◆ Task prompt ◆
Please repeat the listing exactly, starting at its first line and stopping after the line that contains "text \<open>The index".

------ Data for this exercise ------

definition link_sum :: "'a set set \<Rightarrow> ('a \<Rightarrow> real) \<Rightarrow> 'a \<Rightarrow> real" where
  "link_sum E x i = (\<Sum>e\<in>{e\<in>E. i \<in> e}. prod x (e - {i}))"

lemma prod_list_of_real:
  "prod_list (map (\<lambda>j. of_real (x j)) ys) = (of_real (prod_list (map x ys)) :: 'b :: real_algebra_1)"
  by (induction ys) auto

lemma tensor_apply_of_real:
  "tensor_apply V k T (\<lambda>j. complex_of_real (x j)) i =
   complex_of_real (\<Sum>ys\<in>{ys. set ys \<subseteq> V \<and> length ys = k - 1}. T (i # ys) * prod_list (map x ys))"
  unfolding tensor_apply_def by (simp add: prod_list_of_real)

lemma deg_tensor_contract:
  assumes "finite V" "i \<in> V" "k \<ge> 1"
  shows "(\<Sum>ys\<in>{ys. set ys \<subseteq> V \<and> length ys = k - 1}. deg_tensor k E (i # ys) * prod_list (map x ys))
     = real (hg_degree E i) * x i ^ (k - 1)"
proof -
  let ?L = "{ys. set ys \<subseteq> V \<and> length ys = k - 1}"
  let ?r = "replicate (k - 1) i"
  have "deg_tensor k E (i # ys) * prod_list (map x ys)
     = (if ys = ?r then real (hg_degree E i) * x i ^ (k - 1) else 0)" if "ys \<in> ?L" for ys
  proof -
    have len: "length ys = k - 1" using that by auto
    then have "(\<forall>j\<in>set ys. j = i) \<longleftrightarrow> ys = ?r"
      by (metis in_set_replicate replicate_eqI)
    then show ?thesis
      unfolding deg_tensor_def using len assms(3) by (auto simp: prod_list_replicate)
  qed
  then have "(\<Sum>ys\<in>?L. deg_tensor k E (i # ys) * prod_list (map x ys))
      = (\<Sum>ys\<in>?L. if ys = ?r then real (hg_degree E i) * x i ^ (k - 1) else 0)"
    by (rule sum.cong[OF refl])
  moreover have "?r \<in> ?L" "finite ?L"
    using assms by (auto simp: finite_lists_length_eq)
  ultimately show ?thesis by simp
qed

text \<open>The index lists contributing at vertex i are exactly the orderings of e - {i} for the
  edges e through i; the (k - 1)! orderings of each edge cancel the normalisation of the
  adjacency tensor.\<close>
lemma adj_tensor_contract:
  assumes uniform: "k_uniform_hypergraph k V E" and k: "k \<ge> 1"
  shows "(\<Sum>ys\<in>{ys. set ys \<subseteq> V \<and> length ys = k - 1}. adj_tensor k E (i # ys) * prod_list (map x ys))
     = link_sum E x i"
proof -
  let ?L = "{ys. set ys \<subseteq> V \<and> length ys = k - 1}"
  let ?Ei = "{e\<in>E. i \<in> e}"
  let ?c = "1 / fact (k - 1) :: real"
  have finV: "finite V" and edge: "\<And>e. e \<in> E \<Longrightarrow> e \<subseteq> V \<and> card e = k"
    using uniform unfolding k_uniform_hypergraph_def by auto
  have finite_link: "finite (e - {i})" and card_link: "card (e - {i}) = k - 1" if "e \<in> ?Ei" for e
    using edge[of e] that finV finite_subset by (auto simp: card_Diff_singleton)
  have "(\<Sum>ys\<in>?L. adj_tensor k E (i # ys) * prod_list (map x ys))
      = (\<Sum>ys\<in>?L. if set (i # ys) \<in> E then ?c * prod_list (map x ys) else 0)"
    using k by (intro sum.cong) (auto simp: adj_tensor_def)
  also have "\<dots> = (\<Sum>ys\<in>{ys\<in>?L. set (i # ys) \<in> E}. ?c * prod_list (map x ys))"
    using finV by (intro sum.inter_filter[symmetric]) (simp add: finite_lists_length_eq)
  also have "{ys\<in>?L. set (i # ys) \<in> E} = (\<Union>e\<in>?Ei. permutations_of_set (e - {i}))"
  proof (intro equalityI subsetI)
    fix ys assume "ys \<in> {ys\<in>?L. set (i # ys) \<in> E}"
    then have ys: "length ys = k - 1" "set (i # ys) \<in> E" by auto
    have "card (set (i # ys)) = length (i # ys)" using edge[OF ys(2)] ys(1) k by simp
    then have "distinct (i # ys)" by (rule card_distinct)
    then show "ys \<in> (\<Union>e\<in>?Ei. permutations_of_set (e - {i}))"
      using ys(2) unfolding permutations_of_set_def by auto
  next
    fix ys assume "ys \<in> (\<Union>e\<in>?Ei. permutations_of_set (e - {i}))"
    then obtain e where e: "e \<in> ?Ei" "set ys = e - {i}" "distinct ys"
      unfolding permutations_of_set_def by auto
    then have "length ys = k - 1" using card_link distinct_card by metis
    moreover have "set (i # ys) = e" using e by auto
    moreover have "e \<subseteq> V" using e(1) edge by blast
    ultimately show "ys \<in> {ys\<in>?L. set (i # ys) \<in> E}" using e by auto
  qed
  also have "(\<Sum>ys\<in>(\<Union>e\<in>?Ei. permutations_of_set (e - {i})). ?c * prod_list (map x ys))
     = (\<Sum>e\<in>?Ei. \<Sum>ys\<in>permutations_of_set (e - {i}). ?c * prod_list (map x ys))"
  proof (rule sum.UNION_disjoint)
    show "finite ?Ei" using k_uniform_hypergraph_finite_edges[OF uniform] by simp
    show "\<forall>e\<in>?Ei. \<forall>e'\<in>?Ei. e \<noteq> e' \<longrightarrow>
        permutations_of_set (e - {i}) \<inter> permutations_of_set (e' - {i}) = {}"
    proof (intro ballI impI)
      fix e e' assume "e \<in> ?Ei" "e' \<in> ?Ei" "e \<noteq> e'"
      then have "e - {i} \<noteq> e' - {i}" by auto
      then show "permutations_of_set (e - {i}) \<inter> permutations_of_set (e' - {i}) = {}"
        unfolding permutations_of_set_def by auto
    qed
  qed simp
  also have "\<dots> = (\<Sum>e\<in>?Ei. \<Sum>ys\<in>permutations_of_set (e - {i}). ?c * prod x (e - {i}))"
  proof (intro sum.cong[OF refl])
    fix e ys assume "ys \<in> permutations_of_set (e - {i})"
    then have "distinct ys" "set ys = e - {i}" unfolding permutations_of_set_def by auto
    then show "?c * prod_list (map x ys) = ?c * prod x (e - {i})"
      using prod.distinct_set_conv_list[of ys x] by simp
  qed
  also have "\<dots> = link_sum E x i"
    unfolding link_sum_def
  proof (rule sum.cong[OF refl])
    fix e assume "e \<in> ?Ei"
    then show "(\<Sum>ys\<in>permutations_of_set (e - {i}). ?c * prod x (e - {i})) = prod x (e - {i})"
      using finite_link card_link by (simp add: card_permutations_of_set)
  qed
  finally show ?thesis .
qed

lemma A_alpha_tensor_contract:
  assumes "k_uniform_hypergraph k V E" "i \<in> V" "k \<ge> 1"
  shows "tensor_apply V k (A_alpha_tensor \<alpha> k E) (\<lambda>j. complex_of_real (x j)) i
     = complex_of_real (\<alpha> * real (hg_degree E i) * x i ^ (k - 1) + (1 - \<alpha>) * link_sum E x i)"
proof -
  let ?L = "{ys. set ys \<subseteq> V \<and> length ys = k - 1}"
  have "finite V" using assms(1) unfolding k_uniform_hypergraph_def by auto
  have "(\<Sum>ys\<in>?L. A_alpha_tensor \<alpha> k E (i # ys) * prod_list (map x ys))
     = \<alpha> * (\<Sum>ys\<in>?L. deg_tensor k E (i # ys) * prod_list (map x ys))
       + (1 - \<alpha>) * (\<Sum>ys\<in>?L. adj_tensor k E (i # ys) * prod_list (map x ys))"
    unfolding A_alpha_tensor_def distrib_right mult.assoc sum.distrib sum_distrib_left ..
  also have "\<dots> = \<alpha> * real (hg_degree E i) * x i ^ (k - 1) + (1 - \<alpha>) * link_sum E x i"
    using deg_tensor_contract[OF \<open>finite V\<close> assms(2,3)] adj_tensor_contract[OF assms(1,3)]
    by simp
  finally show ?thesis by (simp add: tensor_apply_of_real)
qed

lemma prod_le_power_card:
  fixes x :: "'a \<Rightarrow> real"
  assumes "\<And>a. a \<in> A \<Longrightarrow> 0 \<le> x a \<and> x a \<le> b"
  shows "prod x A \<le> b ^ card A"
  using prod_mono[of A x "\<lambda>_. b"] assms by simp

lemma power_card_le_prod:
  fixes x :: "'a \<Rightarrow> real"
  assumes "\<And>a. a \<in> A \<Longrightarrow> 0 \<le> b \<and> b \<le> x a"
  shows "b ^ card A \<le> prod x A"
  using prod_mono[of A "\<lambda>_. b" x] assms by simp

lemma prod_less_power_card:
  fixes x :: "'a \<Rightarrow> real"
  assumes "finite A" and bound: "\<And>a. a \<in> A \<Longrightarrow> 0 \<le> x a \<and> x a \<le> b"
    and "j \<in> A" "x j < b"
  shows "prod x A < b ^ card A"
proof -
  have "0 < b" using bound[OF \<open>j \<in> A\<close>] \<open>x j < b\<close> by linarith
  have "prod x A = x j * prod x (A - {j})"
    using assms(1,3) by (rule prod.remove)
  also have "\<dots> \<le> x j * b ^ card (A - {j})"
    using bound \<open>j \<in> A\<close> by (intro mult_left_mono prod_le_power_card) auto
  also have "\<dots> < b * b ^ card (A - {j})"
    using \<open>0 < b\<close> \<open>x j < b\<close> by (intro mult_strict_right_mono) auto
  also have "\<dots> = b ^ card A"
    using card_Suc_Diff1[OF assms(1,3)] by (metis power_Suc)
  finally show ?thesis .
qed

lemma k_uniform_link:
  assumes "k_uniform_hypergraph k V E" "e \<in> E" "i \<in> e"
  shows "e - {i} \<subseteq> V" "finite (e - {i})" "card (e - {i}) = k - 1"
proof -
  have "finite V" "e \<subseteq> V" "card e = k"
    using assms unfolding k_uniform_hypergraph_def by auto
  then show "e - {i} \<subseteq> V" "finite (e - {i})" "card (e - {i}) = k - 1"
    using assms(3) finite_subset by (auto simp: card_Diff_singleton)
qed

lemma sum_incident_edges_const:
  "(\<Sum>e\<in>{e\<in>E. i \<in> e}. c) = real (hg_degree E i) * c"
  by (simp add: hg_degree_def)

lemma link_monomial_le:
  fixes x :: "'a \<Rightarrow> real"
  assumes uniform: "k_uniform_hypergraph k V E" and bound: "\<And>j. j \<in> V \<Longrightarrow> 0 \<le> x j \<and> x j \<le> b"
    and "e \<in> E" "i \<in> e"
  shows "prod x (e - {i}) \<le> b ^ (k - 1)"
proof -
  have link: "e - {i} \<subseteq> V" "card (e - {i}) = k - 1"
    using k_uniform_link[OF uniform assms(3,4)] by auto
  have "prod x (e - {i}) \<le> b ^ card (e - {i})"
    by (rule prod_le_power_card) (use link bound in blast)
  then show ?thesis using link by simp
qed

lemma link_monomial_ge:
  fixes x :: "'a \<Rightarrow> real"
  assumes uniform: "k_uniform_hypergraph k V E" and bound: "\<And>j. j \<in> V \<Longrightarrow> 0 \<le> b \<and> b \<le> x j"
    and "e \<in> E" "i \<in> e"
  shows "b ^ (k - 1) \<le> prod x (e - {i})"
proof -
  have link: "e - {i} \<subseteq> V" "card (e - {i}) = k - 1"
    using k_uniform_link[OF uniform assms(3,4)] by auto
  have "b ^ card (e - {i}) \<le> prod x (e - {i})"
    by (rule power_card_le_prod) (use link bound in blast)
  then show ?thesis using link by simp
qed

lemma link_sum_le:
  assumes "k_uniform_hypergraph k V E" and "\<And>j. j \<in> V \<Longrightarrow> 0 \<le> x j \<and> x j \<le> b"
  shows "link_sum E x i \<le> real (hg_degree E i) * b ^ (k - 1)"
  unfolding link_sum_def sum_incident_edges_const[symmetric]
  using link_monomial_le[OF assms] by (intro sum_mono) simp

lemma link_sum_ge:
  assumes "k_uniform_hypergraph k V E" and "\<And>j. j \<in> V \<Longrightarrow> 0 \<le> b \<and> b \<le> x j"
  shows "real (hg_degree E i) * b ^ (k - 1) \<le> link_sum E x i"
  unfolding link_sum_def sum_incident_edges_const[symmetric]
  using link_monomial_ge[OF assms] by (intro sum_mono) simp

------

◆ Output for this task ◆
definition link_sum :: "'a set set \<Rightarrow> ('a \<Rightarrow> real) \<Rightarrow> 'a \<Rightarrow> real" where
  "link_sum E x i = (\<Sum>e\<in>{e\<in>E. i \<in> e}. prod x (e - {i}))"

lemma prod_list_of_real:
  "prod_list (map (\<lambda>j. of_real (x j)) ys) = (of_real (prod_list (map x ys)) :: 'b :: real_algebra_1)"
  by (induction ys) auto

lemma tensor_apply_of_real:
  "tensor_apply V k T (\<lambda>j. complex_of_real (x j)) i =
   complex_of_real (\<Sum>ys\<in>{ys. set ys \<subseteq> V \<and> length ys = k - 1}. T (i # ys) * prod_list (map x ys))"
  unfolding tensor_apply_def by (simp add: prod_list_of_real)

lemma deg_tensor_contract:
  assumes "finite V" "i \<in> V" "k \<ge> 1"
  shows "(\<Sum>ys\<in>{ys. set ys \<subseteq> V \<and> length ys = k - 1}. deg_tensor k E (i # ys) * prod_list (map x ys))
     = real (hg_degree E i) * x i ^ (k - 1)"
proof -
  let ?L = "{ys. set ys \<subseteq> V \<and> length ys = k - 1}"
  let ?r = "replicate (k - 1) i"
  have "deg_tensor k E (i # ys) * prod_list (map x ys)
     = (if ys = ?r then real (hg_degree E i) * x i ^ (k - 1) else 0)" if "ys \<in> ?L" for ys
  proof -
    have len: "length ys = k - 1" using that by auto
    then have "(\<forall>j\<in>set ys. j = i) \<longleftrightarrow> ys = ?r"
      by (metis in_set_replicate replicate_eqI)
    then show ?thesis
      unfolding deg_tensor_def using len assms(3) by (auto simp: prod_list_replicate)
  qed
  then have "(\<Sum>ys\<in>?L. deg_tensor k E (i # ys) * prod_list (map x ys))
      = (\<Sum>ys\<in>?L. if ys = ?r then real (hg_degree E i) * x i ^ (k - 1) else 0)"
    by (rule sum.cong[OF refl])
  moreover have "?r \<in> ?L" "finite ?L"
    using assms by (auto simp: finite_lists_length_eq)
  ultimately show ?thesis by simp
qed

text \<open>The index lists contributing at vertex i are exactly the orderings of e - {i} for the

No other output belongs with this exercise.